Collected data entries
━━━━━━━━━━━━━━━━━━━━━━━━━━━━━━

(* Let $f$, $\mathcal{X}$, $D_0$, $f^*$, $\epsilon$, $R_\epsilon$, $M$ and DFDS be as in the context. Let $x^*\in\mathcal{X}$ be a global minimizer of $f$ over $\mathcal{X}$ and let $x_k\in\mathcal{X}_{R_\epsilon}$ with $x_k\notin\mathcal{X}^*_{R_\epsilon}$ (so that $\|x^*-x_k\|>R_\epsilon$). Define $\alpha=\arcsin\frac{\sqrt{3}R_\epsilon}{2\|x^*-x_k\|}$ and $\mathcal{S}^{N-1}_\alpha=\{d\in\mathcal{S}^{N-1}: \angle(x^*-x_k,d)\le\alpha\}$, where $\angle(u,v)\in[0,\pi]$ denotes the angle between vectors $u,v$. Then: 1. $\frac{\sqrt{3}R_\epsilon}{2(D_0+R_\epsilon)}\le\sin\alpha<\frac{\sqrt{3}}{2}$, equivalently $\arcsin\!\big(\frac{\sqrt{3}R_\epsilon}{2(D_0+R_\epsilon)}\big)\le\alpha<\frac{\pi}{3}$. 2. For every $d\in\mathcal{S}^{N-1}_\alpha$, the ray $\{x_k+td: t\ge 0\}$ intersects $\overline{\mathcal{B}}(x^*,R_\epsilon)$ in a segment (chord) of length at least $R_\epsilon$. 3. If $x_k$ is the current iteration point of DFDS and some direction $d_m$ generated at $x_k$ lies in $\mathcal{S}^{N-1}_\alpha$, then the directional search at $x_k$ finds, with certainty, a point $y$ with $f(y)\le f(x_k)-\epsilon/3$.
   Context: $f$ is continuous and real-valued; $\mathcal{X}\subset\mathbb{R}^N$ is compact and convex with diameter $D_0$; $f^*=\min_{x\in\mathcal{X}}f(x)$. For $R>0$, $\mathcal{X}_R=\{x\in\mathbb{R}^N:\min_{s\in\mathcal{X}}\|x-s\|\le R\}$; $\overline{\mathcal{B}}(x,R)$ is the closed Euclidean ball; $\mathcal{S}^{N-1}$ is the unit sphere. Standing assumption: for the given $\epsilon>0$, $R_\epsilon>0$ is such that $f$ is well-defined on $\mathcal{X}_{R_\epsilon}$ and for every $x\in\mathcal{X}_{R_\epsilon}$ with $f(x)\le f^*+\epsilon$ one has $f(y)\le f(x)+\epsilon/3$ for all $y\in\overline{\mathcal{B}}(x,R_\epsilon)\cap\mathcal{X}_{R_\epsilon}$. $\mathcal{X}^*_{R_\epsilon}=\{x\in\mathcal{X}_{R_\epsilon}: f(x)\le f^*+\frac{2\epsilon}{3}\}$. DFDS (inputs $R_\epsilon$, integer $M\ge1$, $\epsilon$): Step 0: choose $x_0\in\mathcal{X}$, set $k=0$, $m=0$. Step 1: if $m\ge M$ go to Step 3; otherwise draw $d_m$ uniformly on $\mathcal{S}^{N-1}$ and set $r=R_\epsilon$. Step 2: if $x_k+rd_m\notin\mathcal{X}_{R_\epsilon}$, set $m=m+1$ and go to Step 1; else if $f(x_k+rd_m)\le f(x_k)-\epsilon/3$, set $x_{k+1}=x_k+rd_m$, $k=k+1$, $m=0$ and go to Step 1; otherwise set $r=r+R_\epsilon$ and repeat Step 2. Step 3: output any point of $\mathcal{X}\cap\overline{\mathcal{B}}(x_k,R_\epsilon)$. The points $x_k$ are the iteration points; the "directional search at $x_k$" is the line search of Step 2 along directions drawn while the current iteration point is $x_k$. *)

theory Defs
  imports "HOL-Analysis.Analysis"
begin

definition enlarge :: "'a::euclidean_space set \<Rightarrow> real \<Rightarrow> 'a set" where
  "enlarge X R = {x. infdist x X \<le> R}"

definition vangle :: "'a::euclidean_space \<Rightarrow> 'a \<Rightarrow> real" where
  "vangle u v = (if u = 0 \<or> v = 0 then pi / 2
                 else arccos (inner u v / (norm u * norm v)))"

text \<open>Outcome of the directional search (Step 2 of DFDS) at iteration point x along
  direction d with step R: trial points x + j R d, j = 1,2,...; the search stops with
  failure at the first trial point outside X_R, and with success (a new iterate y
  with f y <= f x - eps/3) at the first trial point inside X_R with sufficient decrease.\<close>
definition dir_search_succeeds ::
  "('a::euclidean_space \<Rightarrow> real) \<Rightarrow> 'a set \<Rightarrow> real \<Rightarrow> real \<Rightarrow> 'a \<Rightarrow> 'a \<Rightarrow> bool" where
  "dir_search_succeeds f X R eps x d \<longleftrightarrow>
     (\<exists>j::nat. 1 \<le> j \<and> (\<forall>i\<in>{1..j}. x + (real i * R) *\<^sub>R d \<in> enlarge X R)
        \<and> f (x + (real j * R) *\<^sub>R d) \<le> f x - eps / 3)"

end

theory Submission
  imports Defs
begin

(* Let \<rho> = |x* - x\<^sub>k| > R. A unit direction d within angle \<alpha> of x* - x\<^sub>k spans a line
   passing within \<rho> sin \<alpha> = (sqrt 3 / 2) R of x*, so the line cuts the ball B(x*, R) in a
   chord of half-length at least sqrt (R\<^sup>2 - 3 R\<^sup>2 / 4) = R / 2, and since x\<^sub>k lies outside
   the ball the chord sits at positive parameters of the ray.  A chord of length at least R
   contains a trial point x\<^sub>k + j R d.  Every point of the ball has f \<le> f* + \<epsilon>/3 < f(x\<^sub>k) - \<epsilon>/3,
   and the earlier trial points lie between x\<^sub>k and that one, hence in the convex set X_R. *)

lemma mem_enlarge_iff:
  fixes X :: "'a::euclidean_space set"
  assumes "closed X" "X \<noteq> {}"
  shows "x \<in> enlarge X R \<longleftrightarrow> (\<exists>s\<in>X. dist x s \<le> R)"
proof
  assume "x \<in> enlarge X R"
  moreover obtain s where "s \<in> X" "infdist x X = dist x s"
    using infdist_attains_inf[OF assms] .
  ultimately show "\<exists>s\<in>X. dist x s \<le> R"
    by (auto simp: enlarge_def)
qed (auto simp: enlarge_def intro: infdist_le2)

lemma enlarge_eq_sums:
  fixes X :: "'a::euclidean_space set"
  assumes "closed X" "X \<noteq> {}"
  shows "enlarge X R = (\<Union>s\<in>X. \<Union>v\<in>cball 0 R. {s + v})"
proof (intro set_eqI iffI)
  fix x
  assume "x \<in> enlarge X R"
  then obtain s where "s \<in> X" "dist x s \<le> R"
    by (auto simp: mem_enlarge_iff[OF assms])
  moreover have "x - s \<in> cball 0 R"
    using \<open>dist x s \<le> R\<close> by (simp add: dist_norm norm_minus_commute)
  ultimately show "x \<in> (\<Union>s\<in>X. \<Union>v\<in>cball 0 R. {s + v})"
    by force
next
  fix x
  assume "x \<in> (\<Union>s\<in>X. \<Union>v\<in>cball 0 R. {s + v})"
  then obtain s v where "s \<in> X" "norm v \<le> R" "x = s + v"
    by auto
  then show "x \<in> enlarge X R"
    by (auto simp: mem_enlarge_iff[OF assms] dist_norm intro!: bexI[where x=s])
qed

lemma convex_enlarge:
  fixes X :: "'a::euclidean_space set"
  assumes "closed X" "convex X"
  shows "convex (enlarge X R)"
proof (cases "X = {}")
  case True
  then show ?thesis by (cases "0 \<le> R") (simp_all add: enlarge_def infdist_def)
next
  case False
  then show ?thesis
    unfolding enlarge_eq_sums[OF assms(1) False] using assms(2) by (intro convex_sums) auto
qed

lemma cball_subset_enlarge: "s \<in> X \<Longrightarrow> cball s R \<subseteq> enlarge X R"
  by (auto simp: enlarge_def dist_commute intro: infdist_le2)

lemma dist_le_diameter_add_enlarge:
  fixes X :: "'a::euclidean_space set"
  assumes "compact X" "s \<in> X" "x \<in> enlarge X R"
  shows "dist s x \<le> diameter X + R"
proof -
  obtain s' where "s' \<in> X" "dist x s' \<le> R"
    using assms(3) mem_enlarge_iff[OF compact_imp_closed[OF assms(1)]] assms(2) by blast
  moreover have "dist s s' \<le> diameter X"
    using diameter_bounded_bound[OF compact_imp_bounded[OF assms(1)] assms(2) \<open>s' \<in> X\<close>] .
  ultimately show ?thesis
    using dist_triangle[of s x s'] by (simp add: dist_commute)
qed

lemma vangle_le_arccos_iff:
  fixes u v :: "'a::euclidean_space"
  assumes "u \<noteq> 0" "v \<noteq> 0" "\<bar>y\<bar> \<le> 1"
  shows "vangle u v \<le> arccos y \<longleftrightarrow> y * (norm u * norm v) \<le> inner u v"
proof -
  have pos: "0 < norm u * norm v"
    using assms by simp
  then have "\<bar>inner u v / (norm u * norm v)\<bar> \<le> 1"
    using Cauchy_Schwarz_ineq2[of u v] by (simp add: abs_divide)
  then show ?thesis
    using assms pos arccos_le_mono[of "inner u v / (norm u * norm v)" y]
    by (simp add: vangle_def pos_le_divide_eq)
qed

lemma dist_line_power2:
  fixes c x d :: "'a::euclidean_space"
  assumes "norm d = 1"
  shows "(dist c (x + t *\<^sub>R d))\<^sup>2
         = (t - inner (c - x) d)\<^sup>2 + (norm (c - x))\<^sup>2 - (inner (c - x) d)\<^sup>2"
proof -
  define w where "w = c - x"
  have "dist c (x + t *\<^sub>R d) = norm (w - t *\<^sub>R d)"
    by (simp add: w_def dist_norm diff_diff_eq)
  moreover have "(norm (w - t *\<^sub>R d))\<^sup>2 = (norm w)\<^sup>2 + t\<^sup>2 - 2 * t * inner w d"
    using dot_norm_neg[of w "t *\<^sub>R d"] assms by simp
  ultimately show ?thesis
    unfolding w_def[symmetric] by (simp add: power2_diff)
qed

lemma affine_image_atLeastAtMost:
  fixes x d :: "'a::real_vector"
  assumes "t1 \<le> t2"
  shows "(\<lambda>t. x + t *\<^sub>R d) ` {t1..t2} = closed_segment (x + t1 *\<^sub>R d) (x + t2 *\<^sub>R d)"
proof -
  have "closed_segment (t1 *\<^sub>R d) (t2 *\<^sub>R d) = (\<lambda>t. t *\<^sub>R d) ` {t1..t2}"
    using closed_segment_linear_image[of "\<lambda>t. t *\<^sub>R d" t1 t2] assms
    by (simp add: linear_scaleR_left closed_segment_eq_real_ivl)
  then show ?thesis
    by (simp add: closed_segment_translation image_image)
qed
lemma card_bad_pairs_le:
  fixes xs :: "'a list" and F :: "'a set set"
  assumes "set xs \<subseteq> P" "finite F"
    and trace_bound: "\<forall>zs. set zs \<subseteq> P \<longrightarrow> card (positions zs ` F) \<le> (length zs + 1) ^ D"
    and Bad_def: "Bad = {z \<in> index_lists (length xs) s \<times> index_lists (length xs) s.
      \<exists>B\<in>F. (\<forall>i<s. xs ! (fst z ! i) \<notin> B) \<and> \<theta> \<le> real (card {i. i < s \<and> xs ! (snd z ! i) \<in> B})}"
  shows "real (card Bad) \<le> real (length xs ^ (2 * s)) * real ((2 * s + 1) ^ D) / 2 powr \<theta>"
proof -
  define LL where "LL = index_lists (length xs) s \<times> index_lists (length xs) s"
  have "finite LL" by (simp add: LL_def finite_index_lists)
  have "Bad \<subseteq> LL" by (auto simp: Bad_def LL_def)
  have "2 ^ s * card Bad = (\<Sum>\<sigma>\<in>Pow {..<s}. card {z \<in> LL. swap_at \<sigma> s z \<in> Bad})"
    using card_swap_at_preimage[OF \<open>Bad \<subseteq> LL\<close>[unfolded LL_def]] by (simp add: LL_def card_Pow)
  also have "\<dots> = (\<Sum>z\<in>LL. card {\<sigma> \<in> Pow {..<s}. swap_at \<sigma> s z \<in> Bad})"
    using sum.swap_restrict[of "Pow {..<s}" LL "\<lambda>_ _. 1::nat" "\<lambda>\<sigma> z. swap_at \<sigma> s z \<in> Bad"]
      \<open>finite LL\<close> by simp
  finally have swapped: "2 ^ s * card Bad = (\<Sum>z\<in>LL. card {\<sigma> \<in> Pow {..<s}. swap_at \<sigma> s z \<in> Bad})" .
  have "2 ^ s * real (card Bad) = real (2 ^ s * card Bad)" by simp
  also have "\<dots> = (\<Sum>z\<in>LL. real (card {\<sigma> \<in> Pow {..<s}. swap_at \<sigma> s z \<in> Bad}))"
    unfolding swapped by (rule of_nat_sum)
  also have "\<dots> \<le> (\<Sum>z\<in>LL. real ((2 * s + 1) ^ D) * 2 ^ s / 2 powr \<theta>)"
    by (rule sum_mono, rule card_bad_swaps_le[OF assms(1-4)]) (simp add: LL_def)
  also have "\<dots> = 2 ^ s * (real (length xs ^ (2 * s)) * real ((2 * s + 1) ^ D) / 2 powr \<theta>)"
  proof -
    have "card LL = length xs ^ (2 * s)"
      by (simp add: LL_def card_index_lists card_cartesian_product power_add[symmetric] mult_2)
    then show ?thesis by (simp add: mult_ac)
  qed
  finally show ?thesis by (simp only: mult_le_cancel_left_pos zero_less_power zero_less_numeral)
qed

lemma card_resamples_hitting_ge:
  fixes xs :: "'a list" and \<epsilon> :: real
  assumes "xs \<noteq> []" "\<epsilon> * length xs \<le> hits xs B" "8 \<le> s * \<epsilon>"
  shows "real (length xs ^ s) / 2
    \<le> card {M \<in> index_lists (length xs) s. s * \<epsilon> / 2 \<le> real (card {i. i < s \<and> xs ! (M ! i) \<in> B})}"
proof -
  define T where "T = length xs"
  define r where "r = positions xs B"
  define Good where "Good = {M \<in> index_lists T s. s * \<epsilon> / 2 \<le> real (card {i. i < s \<and> xs ! (M ! i) \<in> B})}"
  have "0 < T" using assms(1) by (simp add: T_def)
  have r_sub: "{..<T} \<inter> r = r" by (auto simp: r_def T_def positions_def)
  have mu: "s * \<epsilon> \<le> real s * real (card ({..<T} \<inter> r)) / T"
  proof -
    have "real s * (\<epsilon> * T) \<le> real s * real (card r)"
      using assms(2) by (simp add: mult_left_mono r_def T_def hits_eq_card_positions)
    then show ?thesis using \<open>0 < T\<close> r_sub by (simp add: field_simps)
  qed
  have hits_M: "card {i. i < s \<and> xs ! (M ! i) \<in> B} = hits M r" if "M \<in> index_lists T s" for M
  proof -
    have "M ! i < T" if "i < s" for i
      using \<open>M \<in> index_lists T s\<close> that nth_mem by (fastforce simp: index_lists_def)
    then show ?thesis
      using that by (auto simp: hits_eq_card_positions positions_def index_lists_def r_def T_def
          intro!: arg_cong[where f = card])
  qed
  have "index_lists T s - Good
      \<subseteq> {M \<in> index_lists T s. real (hits M r) < real s * real (card ({..<T} \<inter> r)) / T / 2}"
  proof
    fix M assume M: "M \<in> index_lists T s - Good"
    then have "real (hits M r) < s * \<epsilon> / 2" using hits_M by (auto simp: Good_def not_le)
    also have "\<dots> \<le> real s * real (card ({..<T} \<inter> r)) / T / 2" using mu by simp
    finally show "M \<in> {M \<in> index_lists T s. real (hits M r) < real s * real (card ({..<T} \<inter> r)) / T / 2}"
      using M by simp
  qed
  then have "card (index_lists T s - Good)
      \<le> card {M \<in> index_lists T s. real (hits M r) < real s * real (card ({..<T} \<inter> r)) / T / 2}"
    by (intro card_mono) (simp_all add: finite_index_lists)
  also have "real \<dots> \<le> real (T ^ s) / 2"
    using card_few_hits_le_half[OF \<open>0 < T\<close>] mu assms(3) by simp
  finally have "real (card (index_lists T s - Good)) \<le> real (T ^ s) / 2" by simp
  moreover have "card (index_lists T s - Good) = T ^ s - card Good"
    by (simp add: card_Diff_subset finite_index_lists card_index_lists Good_def)
  moreover have "card Good \<le> T ^ s"
    using card_mono[OF finite_index_lists, of Good] by (simp add: Good_def card_index_lists)
  ultimately show ?thesis by (simp add: Good_def T_def)
qed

━━━━━━━━━━━━━━━━━━━━━━━━━━━━━━

- Task description
Reproduce exactly the section above that begins at the line containing "(\<Sum>z\<in>LL. real ((2" and ends at the line containing "(length xs) s. s", leaving out all other lines.

- Solved exercise
  also have "\<dots> \<le> (\<Sum>z\<in>LL. real ((2 * s + 1) ^ D) * 2 ^ s / 2 powr \<theta>)"
    by (rule sum_mono, rule card_bad_swaps_le[OF assms(1-4)]) (simp add: LL_def)
  also have "\<dots> = 2 ^ s * (real (length xs ^ (2 * s)) * real ((2 * s + 1) ^ D) / 2 powr \<theta>)"
  proof -
    have "card LL = length xs ^ (2 * s)"
      by (simp add: LL_def card_index_lists card_cartesian_product power_add[symmetric] mult_2)
    then show ?thesis by (simp add: mult_ac)
  qed
  finally show ?thesis by (simp only: mult_le_cancel_left_pos zero_less_power zero_less_numeral)
qed

lemma card_resamples_hitting_ge:
  fixes xs :: "'a list" and \<epsilon> :: real
  assumes "xs \<noteq> []" "\<epsilon> * length xs \<le> hits xs B" "8 \<le> s * \<epsilon>"
  shows "real (length xs ^ s) / 2
    \<le> card {M \<in> index_lists (length xs) s. s * \<epsilon> / 2 \<le> real (card {i. i < s \<and> xs ! (M ! i) \<in> B})}"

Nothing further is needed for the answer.